## Task item
Please reproduce all of the lines below, word for word and in full.

## Items listed in a dataset
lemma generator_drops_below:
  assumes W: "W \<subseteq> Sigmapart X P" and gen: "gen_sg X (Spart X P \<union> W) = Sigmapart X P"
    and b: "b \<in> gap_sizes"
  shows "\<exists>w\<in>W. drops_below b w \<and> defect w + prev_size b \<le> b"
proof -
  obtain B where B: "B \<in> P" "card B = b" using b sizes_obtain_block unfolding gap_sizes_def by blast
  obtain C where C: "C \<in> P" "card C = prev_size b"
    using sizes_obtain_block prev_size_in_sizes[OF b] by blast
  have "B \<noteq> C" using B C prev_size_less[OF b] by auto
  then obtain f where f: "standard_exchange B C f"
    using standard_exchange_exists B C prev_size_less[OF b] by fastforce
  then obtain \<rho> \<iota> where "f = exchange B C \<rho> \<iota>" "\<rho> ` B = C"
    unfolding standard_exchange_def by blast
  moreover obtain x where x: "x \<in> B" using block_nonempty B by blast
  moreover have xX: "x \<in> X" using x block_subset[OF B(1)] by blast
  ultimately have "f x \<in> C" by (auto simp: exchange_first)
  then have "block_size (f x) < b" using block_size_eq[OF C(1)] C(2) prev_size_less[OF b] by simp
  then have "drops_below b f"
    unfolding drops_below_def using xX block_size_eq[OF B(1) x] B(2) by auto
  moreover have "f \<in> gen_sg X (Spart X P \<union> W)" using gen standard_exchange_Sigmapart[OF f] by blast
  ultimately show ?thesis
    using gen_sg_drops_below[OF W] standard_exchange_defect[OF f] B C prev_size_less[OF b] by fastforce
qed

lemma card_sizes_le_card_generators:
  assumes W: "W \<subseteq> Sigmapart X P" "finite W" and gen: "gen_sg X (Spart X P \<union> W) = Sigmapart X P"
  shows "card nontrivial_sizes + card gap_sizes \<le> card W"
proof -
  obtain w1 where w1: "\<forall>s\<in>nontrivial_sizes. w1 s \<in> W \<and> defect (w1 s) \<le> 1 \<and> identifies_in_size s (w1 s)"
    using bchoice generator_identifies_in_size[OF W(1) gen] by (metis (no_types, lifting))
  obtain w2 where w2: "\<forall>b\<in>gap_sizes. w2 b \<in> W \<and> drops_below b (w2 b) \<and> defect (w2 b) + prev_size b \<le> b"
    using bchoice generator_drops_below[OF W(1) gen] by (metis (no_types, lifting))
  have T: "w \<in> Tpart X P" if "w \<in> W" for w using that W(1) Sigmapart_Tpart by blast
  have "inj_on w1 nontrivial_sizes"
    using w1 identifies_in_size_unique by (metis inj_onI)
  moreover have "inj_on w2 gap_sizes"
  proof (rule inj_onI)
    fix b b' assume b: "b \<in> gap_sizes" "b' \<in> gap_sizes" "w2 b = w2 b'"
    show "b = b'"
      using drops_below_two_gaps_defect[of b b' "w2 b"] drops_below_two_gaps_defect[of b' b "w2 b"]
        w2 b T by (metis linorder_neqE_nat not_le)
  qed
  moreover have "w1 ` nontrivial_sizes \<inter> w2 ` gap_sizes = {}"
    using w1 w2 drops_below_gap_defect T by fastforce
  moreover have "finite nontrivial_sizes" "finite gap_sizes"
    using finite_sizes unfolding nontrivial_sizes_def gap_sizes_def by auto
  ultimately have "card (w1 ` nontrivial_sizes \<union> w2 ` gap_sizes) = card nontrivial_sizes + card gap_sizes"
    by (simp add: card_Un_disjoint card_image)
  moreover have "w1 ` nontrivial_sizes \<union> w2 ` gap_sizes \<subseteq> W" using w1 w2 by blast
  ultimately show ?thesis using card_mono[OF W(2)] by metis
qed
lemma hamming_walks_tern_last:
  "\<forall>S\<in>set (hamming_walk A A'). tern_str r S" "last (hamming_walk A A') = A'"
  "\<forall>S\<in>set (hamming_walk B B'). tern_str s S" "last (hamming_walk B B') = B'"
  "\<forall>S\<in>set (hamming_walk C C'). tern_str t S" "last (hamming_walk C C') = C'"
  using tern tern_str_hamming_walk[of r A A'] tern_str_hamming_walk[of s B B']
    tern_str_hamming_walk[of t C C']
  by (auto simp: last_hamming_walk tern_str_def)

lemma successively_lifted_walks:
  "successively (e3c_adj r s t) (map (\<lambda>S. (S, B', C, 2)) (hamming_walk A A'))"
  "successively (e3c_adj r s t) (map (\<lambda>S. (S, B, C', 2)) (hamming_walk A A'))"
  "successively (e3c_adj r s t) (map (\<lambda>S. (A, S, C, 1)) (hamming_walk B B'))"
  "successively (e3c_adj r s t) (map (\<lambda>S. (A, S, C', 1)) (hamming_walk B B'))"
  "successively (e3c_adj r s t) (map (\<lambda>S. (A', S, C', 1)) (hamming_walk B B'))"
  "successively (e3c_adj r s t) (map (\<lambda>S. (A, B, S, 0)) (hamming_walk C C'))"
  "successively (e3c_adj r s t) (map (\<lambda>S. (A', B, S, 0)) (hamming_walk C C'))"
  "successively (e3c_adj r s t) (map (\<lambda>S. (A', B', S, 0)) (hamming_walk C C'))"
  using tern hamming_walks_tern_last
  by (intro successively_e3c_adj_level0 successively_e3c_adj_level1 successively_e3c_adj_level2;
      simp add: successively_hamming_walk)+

## Reply to the task
lemma generator_drops_below:
  assumes W: "W \<subseteq> Sigmapart X P" and gen: "gen_sg X (Spart X P \<union> W) = Sigmapart X P"
    and b: "b \<in> gap_sizes"
  shows "\<exists>w\<in>W. drops_below b w \<and> defect w + prev_size b \<le> b"
proof -
  obtain B where B: "B \<in> P" "card B = b" using b sizes_obtain_block unfolding gap_sizes_def by blast
  obtain C where C: "C \<in> P" "card C = prev_size b"
    using sizes_obtain_block prev_size_in_sizes[OF b] by blast
  have "B \<noteq> C" using B C prev_size_less[OF b] by auto
  then obtain f where f: "standard_exchange B C f"
    using standard_exchange_exists B C prev_size_less[OF b] by fastforce
  then obtain \<rho> \<iota> where "f = exchange B C \<rho> \<iota>" "\<rho> ` B = C"
    unfolding standard_exchange_def by blast
  moreover obtain x where x: "x \<in> B" using block_nonempty B by blast
  moreover have xX: "x \<in> X" using x block_subset[OF B(1)] by blast
  ultimately have "f x \<in> C" by (auto simp: exchange_first)
  then have "block_size (f x) < b" using block_size_eq[OF C(1)] C(2) prev_size_less[OF b] by simp
  then have "drops_below b f"
    unfolding drops_below_def using xX block_size_eq[OF B(1) x] B(2) by auto
  moreover have "f \<in> gen_sg X (Spart X P \<union> W)" using gen standard_exchange_Sigmapart[OF f] by blast
  ultimately show ?thesis
    using gen_sg_drops_below[OF W] standard_exchange_defect[OF f] B C prev_size_less[OF b] by fastforce
qed

lemma card_sizes_le_card_generators:
  assumes W: "W \<subseteq> Sigmapart X P" "finite W" and gen: "gen_sg X (Spart X P \<union> W) = Sigmapart X P"
  shows "card nontrivial_sizes + card gap_sizes \<le> card W"
proof -
  obtain w1 where w1: "\<forall>s\<in>nontrivial_sizes. w1 s \<in> W \<and> defect (w1 s) \<le> 1 \<and> identifies_in_size s (w1 s)"
    using bchoice generator_identifies_in_size[OF W(1) gen] by (metis (no_types, lifting))
  obtain w2 where w2: "\<forall>b\<in>gap_sizes. w2 b \<in> W \<and> drops_below b (w2 b) \<and> defect (w2 b) + prev_size b \<le> b"
    using bchoice generator_drops_below[OF W(1) gen] by (metis (no_types, lifting))
  have T: "w \<in> Tpart X P" if "w \<in> W" for w using that W(1) Sigmapart_Tpart by blast
  have "inj_on w1 nontrivial_sizes"
    using w1 identifies_in_size_unique by (metis inj_onI)
  moreover have "inj_on w2 gap_sizes"
  proof (rule inj_onI)
    fix b b' assume b: "b \<in> gap_sizes" "b' \<in> gap_sizes" "w2 b = w2 b'"
    show "b = b'"
      using drops_below_two_gaps_defect[of b b' "w2 b"] drops_below_two_gaps_defect[of b' b "w2 b"]
        w2 b T by (metis linorder_neqE_nat not_le)
  qed
  moreover have "w1 ` nontrivial_sizes \<inter> w2 ` gap_sizes = {}"
    using w1 w2 drops_below_gap_defect T by fastforce
  moreover have "finite nontrivial_sizes" "finite gap_sizes"
    using finite_sizes unfolding nontrivial_sizes_def gap_sizes_def by auto
  ultimately have "card (w1 ` nontrivial_sizes \<union> w2 ` gap_sizes) = card nontrivial_sizes + card gap_sizes"
    by (simp add: card_Un_disjoint card_image)
  moreover have "w1 ` nontrivial_sizes \<union> w2 ` gap_sizes \<subseteq> W" using w1 w2 by blast
  ultimately show ?thesis using card_mono[OF W(2)] by metis
qed
lemma hamming_walks_tern_last:
  "\<forall>S\<in>set (hamming_walk A A'). tern_str r S" "last (hamming_walk A A') = A'"
  "\<forall>S\<in>set (hamming_walk B B'). tern_str s S" "last (hamming_walk B B') = B'"
  "\<forall>S\<in>set (hamming_walk C C'). tern_str t S" "last (hamming_walk C C') = C'"
  using tern tern_str_hamming_walk[of r A A'] tern_str_hamming_walk[of s B B']
    tern_str_hamming_walk[of t C C']
  by (auto simp: last_hamming_walk tern_str_def)

lemma successively_lifted_walks:
  "successively (e3c_adj r s t) (map (\<lambda>S. (S, B', C, 2)) (hamming_walk A A'))"
  "successively (e3c_adj r s t) (map (\<lambda>S. (S, B, C', 2)) (hamming_walk A A'))"
  "successively (e3c_adj r s t) (map (\<lambda>S. (A, S, C, 1)) (hamming_walk B B'))"
  "successively (e3c_adj r s t) (map (\<lambda>S. (A, S, C', 1)) (hamming_walk B B'))"
  "successively (e3c_adj r s t) (map (\<lambda>S. (A', S, C', 1)) (hamming_walk B B'))"
  "successively (e3c_adj r s t) (map (\<lambda>S. (A, B, S, 0)) (hamming_walk C C'))"
  "successively (e3c_adj r s t) (map (\<lambda>S. (A', B, S, 0)) (hamming_walk C C'))"
  "successively (e3c_adj r s t) (map (\<lambda>S. (A', B', S, 0)) (hamming_walk C C'))"
  using tern hamming_walks_tern_last
  by (intro successively_e3c_adj_level0 successively_e3c_adj_level1 successively_e3c_adj_level2;
      simp add: successively_hamming_walk)+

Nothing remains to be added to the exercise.